==== Material for this exercise

(* Let $s\in(0,1)$. Given two arbitrary constants $C_1,C_2>0$, there exists a function $G:\mathbb{R}\to[0,+\infty)$ such that: (1) $G$ is compactly supported; (2) $G(x)\le C_1$ for all $x\in\mathbb{R}$; (3) $(-\Delta)^sG(x)\le -C_2|x|^{-(1+2s)}$ for all $x\in\mathbb{R}$ with $\mathrm{dist}(x,\mathrm{supp}(G))\ge1$.
   Context: $(-\Delta)^sw(x)=\sigma_s\,\mathrm{P.V.}\int_{\mathbb{R}}\frac{w(x)-w(y)}{|x-y|^{1+2s}}dy$ with $\sigma_s>0$ the standard normalization constant. *)

theory Defs
  imports "HOL-Analysis.Analysis"
begin

text \<open>Standard normalisation constant of the 1D fractional Laplacian:
  sigma_s = s 4^s Gamma(1/2+s) / (sqrt pi * Gamma(1-s))
  (= 4^s Gamma(1/2+s) / (sqrt pi |Gamma(-s)|)).\<close>
definition frac_const :: "real \<Rightarrow> real" where
  "frac_const s = s * 4 powr s * Gamma (1/2 + s) / (sqrt pi * Gamma (1 - s))"

definition frac_trunc :: "real \<Rightarrow> (real \<Rightarrow> real) \<Rightarrow> real \<Rightarrow> real \<Rightarrow> real" where
  "frac_trunc s w x eps =
     set_lebesgue_integral lborel {y. eps < \<bar>x - y\<bar>}
       (\<lambda>y. (w x - w y) / abs (x - y) powr (1 + 2 * s))"

definition frac_lap_at :: "real \<Rightarrow> (real \<Rightarrow> real) \<Rightarrow> real \<Rightarrow> real \<Rightarrow> bool" where
  "frac_lap_at s w x v \<longleftrightarrow>
     (\<forall>eps>0. set_integrable lborel {y. eps < \<bar>x - y\<bar>}
                (\<lambda>y. (w x - w y) / abs (x - y) powr (1 + 2 * s))) \<and>
     ((\<lambda>eps. frac_const s * frac_trunc s w x eps) \<longlongrightarrow> v) (at_right 0)"

definition fsupp :: "(real \<Rightarrow> real) \<Rightarrow> real set" where
  "fsupp G = closure {x. G x \<noteq> 0}"

end

theory Submission
  imports Defs
begin

text \<open>Take G = C1 on [-R, R] and 0 elsewhere. At a point x at distance at least 1 from the
  support, G(x) = 0 and the principal value is an absolutely convergent integral:
  (-\<Delta>)^s G(x) = -\<sigma>_s \<integral>_{-R}^{R} C1 / |x-y|^(1+2s) dy. Since |x - y| \<le> 2|x| there, this is
  at most -\<sigma>_s 2R C1 2^-(1+2s) |x|^-(1+2s) \<le> -\<sigma>_s R C1 |x|^-(1+2s) / 4, and R = 4 C2 / (\<sigma>_s C1)
  makes this -C2 |x|^-(1+2s).\<close>

lemma frac_const_pos:
  assumes "0 < s" "s < 1"
  shows "0 < frac_const s"
  unfolding frac_const_def using assms
  by (intro divide_pos_pos mult_pos_pos Gamma_real_pos) auto

lemma fsupp_scaled_indicator_interval:
  fixes c :: real
  assumes "c \<noteq> 0"
  shows "fsupp (\<lambda>y. c * indicator {a..b} y) = {a..b}"
proof -
  have "{y. c * indicator {a..b} y \<noteq> 0} = {a..b}"
    using assms by (auto simp: indicator_def)
  then show ?thesis unfolding fsupp_def by simp
qed

lemma abs_ge_of_dist_interval_ge:
  fixes x R d :: real
  assumes "0 \<le> R" "0 < d" "\<forall>y\<in>{-R..R}. d \<le> dist x y"
  shows "R + d \<le> \<bar>x\<bar>"
proof -
  define y where "y = max (-R) (min R x)"
  have "y \<in> {-R..R}" using assms(1) by (auto simp: y_def)
  with assms(3) have "d \<le> dist x y" by blast
  moreover have "dist x y \<le> \<bar>x\<bar> - R \<or> dist x y = 0"
    by (auto simp: y_def dist_real_def)
  ultimately show ?thesis using assms(2) by linarith
qed

text \<open>Away from the support of w the singularity of the kernel is never seen, so every
  truncation below \<delta> gives the same integral and the principal value is that integral.\<close>
lemma frac_lap_at_outside_support:
  fixes w :: "real \<Rightarrow> real"
  assumes "0 < \<delta>" and vanish: "\<And>y. \<bar>x - y\<bar> \<le> \<delta> \<Longrightarrow> w y = 0"
    and int: "integrable lborel (\<lambda>y. w y / \<bar>x - y\<bar> powr (1 + 2 * s))"
  shows "frac_lap_at s w x
           (- frac_const s * (LINT y|lborel. w y / \<bar>x - y\<bar> powr (1 + 2 * s)))"
proof -
  define k where "k = (\<lambda>y. w y / \<bar>x - y\<bar> powr (1 + 2 * s))"
  have integrand: "(w x - w y) / \<bar>x - y\<bar> powr (1 + 2 * s) = - k y" for y
    using vanish[of x] \<open>0 < \<delta>\<close> by (simp add: k_def)
  have meas: "{y. eps < \<bar>x - y\<bar>} \<in> sets lborel" for eps :: real
  proof -
    have "open {y. eps < \<bar>x - y\<bar>}" by (intro open_Collect_less continuous_intros)
    then show ?thesis by simp
  qed
  have trunc: "frac_trunc s w x eps = - (LINT y|lborel. k y)" if "eps < \<delta>" for eps
  proof -
    have "frac_trunc s w x eps = (LINT y|lborel. indicator {y. eps < \<bar>x - y\<bar>} y *\<^sub>R - k y)"
      unfolding frac_trunc_def set_lebesgue_integral_def integrand ..
    also have "\<dots> = (LINT y|lborel. - k y)"
    proof (rule Bochner_Integration.integral_cong)
      show "indicator {y. eps < \<bar>x - y\<bar>} y *\<^sub>R - k y = - k y" for y
        using vanish[of y] that by (cases "eps < \<bar>x - y\<bar>") (auto simp: k_def)
    qed simp
    finally show ?thesis by simp
  qed
  have "\<forall>\<^sub>F eps in at_right 0. - frac_const s * (LINT y|lborel. k y)
          = frac_const s * frac_trunc s w x eps"
    using eventually_at_right_real[OF \<open>0 < \<delta>\<close>] by eventually_elim (simp add: trunc)
  then have "((\<lambda>eps. frac_const s * frac_trunc s w x eps)
               \<longlongrightarrow> - frac_const s * (LINT y|lborel. k y)) (at_right 0)"
    by (rule Lim_transform_eventually[OF tendsto_const])
  moreover have "set_integrable lborel {y. eps < \<bar>x - y\<bar>}
                   (\<lambda>y. (w x - w y) / \<bar>x - y\<bar> powr (1 + 2 * s))" for eps
    unfolding set_integrable_def integrand
    using int by (intro integrable_mult_indicator[OF meas] integrable_minus) (simp add: k_def)
  ultimately show ?thesis unfolding frac_lap_at_def k_def by blast
qed

lemma integral_interval_kernel_lower:
  fixes x R c p :: real
  assumes "0 \<le> R" "R < \<bar>x\<bar>" "0 \<le> c" "0 \<le> p"
  shows "integrable lborel (\<lambda>y. c * indicator {-R..R} y / \<bar>x - y\<bar> powr p)"
    and "2 * R * c * (2 * \<bar>x\<bar>) powr (-p)
           \<le> (LINT y|lborel. c * indicator {-R..R} y / \<bar>x - y\<bar> powr p)"
proof -
  define S where "S = {-R..R}"
  define h where "h = (\<lambda>y. c / \<bar>x - y\<bar> powr p)"
  have near: "0 < \<bar>x - y\<bar>" "\<bar>x - y\<bar> \<le> 2 * \<bar>x\<bar>" if "y \<in> S" for y
    using that assms(2) by (auto simp: S_def)
  have eq: "c * indicator S y / \<bar>x - y\<bar> powr p = indicator S y *\<^sub>R h y" for y
    by (simp add: h_def indicator_def)
  have "continuous_on S h"
    unfolding h_def by (intro continuous_intros) (use near in force)+
  then have int_h: "integrable lborel (\<lambda>y. indicator S y *\<^sub>R h y)"
    by (intro borel_integrable_compact) (auto simp: S_def)
  then show "integrable lborel (\<lambda>y. c * indicator {-R..R} y / \<bar>x - y\<bar> powr p)"
    unfolding S_def[symmetric] eq .
  define m where "m = c * (2 * \<bar>x\<bar>) powr (-p)"
  have int_m: "integrable lborel (\<lambda>y. indicator S y *\<^sub>R m)"
    by (rule borel_integrable_compact) (auto simp: S_def)
  have "indicator S y *\<^sub>R m \<le> indicator S y *\<^sub>R h y" for y
  proof (cases "y \<in> S")
    case True
    have "\<bar>x - y\<bar> powr p \<le> (2 * \<bar>x\<bar>) powr p"
      using near[OF True] assms(4) by (intro powr_mono2) auto
    then have "c / (2 * \<bar>x\<bar>) powr p \<le> c / \<bar>x - y\<bar> powr p"
      using near[OF True] assms(3) by (intro divide_left_mono) auto
    then show ?thesis using True by (simp add: h_def m_def powr_minus divide_inverse)
  qed simp
  then have "(LINT y|lborel. indicator S y *\<^sub>R m) \<le> (LINT y|lborel. indicator S y *\<^sub>R h y)"
    by (intro integral_mono[OF int_m int_h])
  moreover have "(LINT y|lborel. indicator S y *\<^sub>R m) = measure lborel S * m"
    by (simp add: S_def)
  moreover have "measure lborel S = 2 * R"
    using assms(1) by (simp add: S_def)
  ultimately show "2 * R * c * (2 * \<bar>x\<bar>) powr (-p)
                     \<le> (LINT y|lborel. c * indicator {-R..R} y / \<bar>x - y\<bar> powr p)"
    unfolding S_def[symmetric] eq m_def by (simp add: mult.assoc)
qed

lemma powr_two_mult_ge:
  fixes t p :: real
  assumes "0 < t" "p \<le> 3"
  shows "t powr (-p) / 8 \<le> (2 * t) powr (-p)"
proof -
  have "(2::real) powr (-3) \<le> 2 powr (-p)" using assms(2) by (intro powr_mono) auto
  then have "1/8 \<le> (2::real) powr (-p)" by (simp add: powr_minus powr_numeral)
  then show ?thesis using assms(1) by (simp add: powr_mult mult_right_mono)
qed

lemma frac_lap_at_interval_indicator_far:
  fixes s R c x :: real
  assumes "0 < s" "s < 1" "0 \<le> R" "0 \<le> c" "R + 1 \<le> \<bar>x\<bar>"
  shows "\<exists>v. frac_lap_at s (\<lambda>y. c * indicator {-R..R} y) x v \<and>
               v \<le> - frac_const s * R * c * \<bar>x\<bar> powr (-(1 + 2 * s)) / 4"
proof -
  define G where "G = (\<lambda>y. c * indicator {-R..R} y :: real)"
  define I where "I = (LINT y|lborel. G y / \<bar>x - y\<bar> powr (1 + 2 * s))"
  have "G y = 0" if "\<bar>x - y\<bar> \<le> 1/2" for y
  proof -
    have "R < \<bar>y\<bar>" using that assms(5) abs_triangle_ineq[of "x - y" y] by linarith
    then show ?thesis by (auto simp: G_def indicator_def)
  qed
  then have lap: "frac_lap_at s G x (- frac_const s * I)"
    unfolding I_def using assms
    by (intro frac_lap_at_outside_support[of "1/2"])
       (auto simp: G_def intro: integral_interval_kernel_lower(1))
  have "R * c * \<bar>x\<bar> powr (-(1 + 2 * s)) / 4
          = 2 * R * c * (\<bar>x\<bar> powr (-(1 + 2 * s)) / 8)" by simp
  also have "\<dots> \<le> 2 * R * c * (2 * \<bar>x\<bar>) powr (-(1 + 2 * s))"
    using assms by (intro mult_left_mono powr_two_mult_ge) auto
  also have "\<dots> \<le> I"
    unfolding I_def G_def using assms by (intro integral_interval_kernel_lower(2)) auto
  finally have "- frac_const s * I \<le> - frac_const s * (R * c * \<bar>x\<bar> powr (-(1 + 2 * s)) / 4)"
    using frac_const_pos[OF assms(1,2)] by (intro mult_left_mono_neg) auto
  with lap show ?thesis unfolding G_def by (intro exI[of _ "- frac_const s * I"]) simp
qed

theorem mainTheorem12:
  fixes s C1 C2 :: real
  assumes "0 < s" "s < 1" "0 < C1" "0 < C2"
  shows "\<exists>G :: real \<Rightarrow> real.
           (\<forall>x. 0 \<le> G x) \<and>
           compact (fsupp G) \<and>
           (\<forall>x. G x \<le> C1) \<and>
           (\<forall>x. (\<forall>y\<in>fsupp G. 1 \<le> dist x y) \<longrightarrow>
                  x \<noteq> 0 \<and>
                  (\<exists>v. frac_lap_at s G x v \<and> v \<le> - C2 * abs x powr (-(1 + 2 * s))))"
proof -
  define \<sigma> where "\<sigma> = frac_const s"
  define R where "R = 4 * C2 / (\<sigma> * C1)"
  define G where "G = (\<lambda>y. C1 * indicator {-R..R} y :: real)"
  have "0 < \<sigma>" unfolding \<sigma>_def using assms(1,2) by (rule frac_const_pos)
  then have "0 < R" using assms by (simp add: R_def)
  have supp: "fsupp G = {-R..R}"
    unfolding G_def using assms by (intro fsupp_scaled_indicator_interval) simp
  have "(\<forall>y\<in>fsupp G. 1 \<le> dist x y) \<longrightarrow> x \<noteq> 0 \<and>
          (\<exists>v. frac_lap_at s G x v \<and> v \<le> - C2 * \<bar>x\<bar> powr (-(1 + 2 * s)))" for x
  proof
    assume "\<forall>y\<in>fsupp G. 1 \<le> dist x y"
    then have far: "R + 1 \<le> \<bar>x\<bar>"
      unfolding supp using \<open>0 < R\<close> by (intro abs_ge_of_dist_interval_ge) auto
    obtain v where lap: "frac_lap_at s G x v"
        and bound: "v \<le> - \<sigma> * R * C1 * \<bar>x\<bar> powr (-(1 + 2 * s)) / 4"
      using frac_lap_at_interval_indicator_far[OF assms(1,2) _ _ far, of C1] \<open>0 < R\<close> assms
      unfolding G_def \<sigma>_def by auto
    have "\<sigma> * R * C1 / 4 = C2" using \<open>0 < \<sigma>\<close> assms by (simp add: R_def)
    then have "- \<sigma> * R * C1 * \<bar>x\<bar> powr (-(1 + 2 * s)) / 4 = - C2 * \<bar>x\<bar> powr (-(1 + 2 * s))"
      by (auto simp: algebra_simps)
    with bound have "v \<le> - C2 * \<bar>x\<bar> powr (-(1 + 2 * s))" by (simp only:)
    moreover have "x \<noteq> 0" using far \<open>0 < R\<close> by auto
    ultimately show "x \<noteq> 0 \<and> (\<exists>v. frac_lap_at s G x v \<and> v \<le> - C2 * \<bar>x\<bar> powr (-(1 + 2 * s)))"
      using lap by blast
  qed
  moreover have "0 \<le> G x" "G x \<le> C1" for x using assms by (auto simp: G_def)
  ultimately show ?thesis using supp by (intro exI[of _ G]) auto
qed

end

========

Look through the records and copy every line that has the word "mathrm".

(* Let $s\in(0,1)$. Given two arbitrary constants $C_1,C_2>0$, there exists a function $G:\mathbb{R}\to[0,+\infty)$ such that: (1) $G$ is compactly supported; (2) $G(x)\le C_1$ for all $x\in\mathbb{R}$; (3) $(-\Delta)^sG(x)\le -C_2|x|^{-(1+2s)}$ for all $x\in\mathbb{R}$ with $\mathrm{dist}(x,\mathrm{supp}(G))\ge1$.
   Context: $(-\Delta)^sw(x)=\sigma_s\,\mathrm{P.V.}\int_{\mathbb{R}}\frac{w(x)-w(y)}{|x-y|^{1+2s}}dy$ with $\sigma_s>0$ the standard normalization constant. *)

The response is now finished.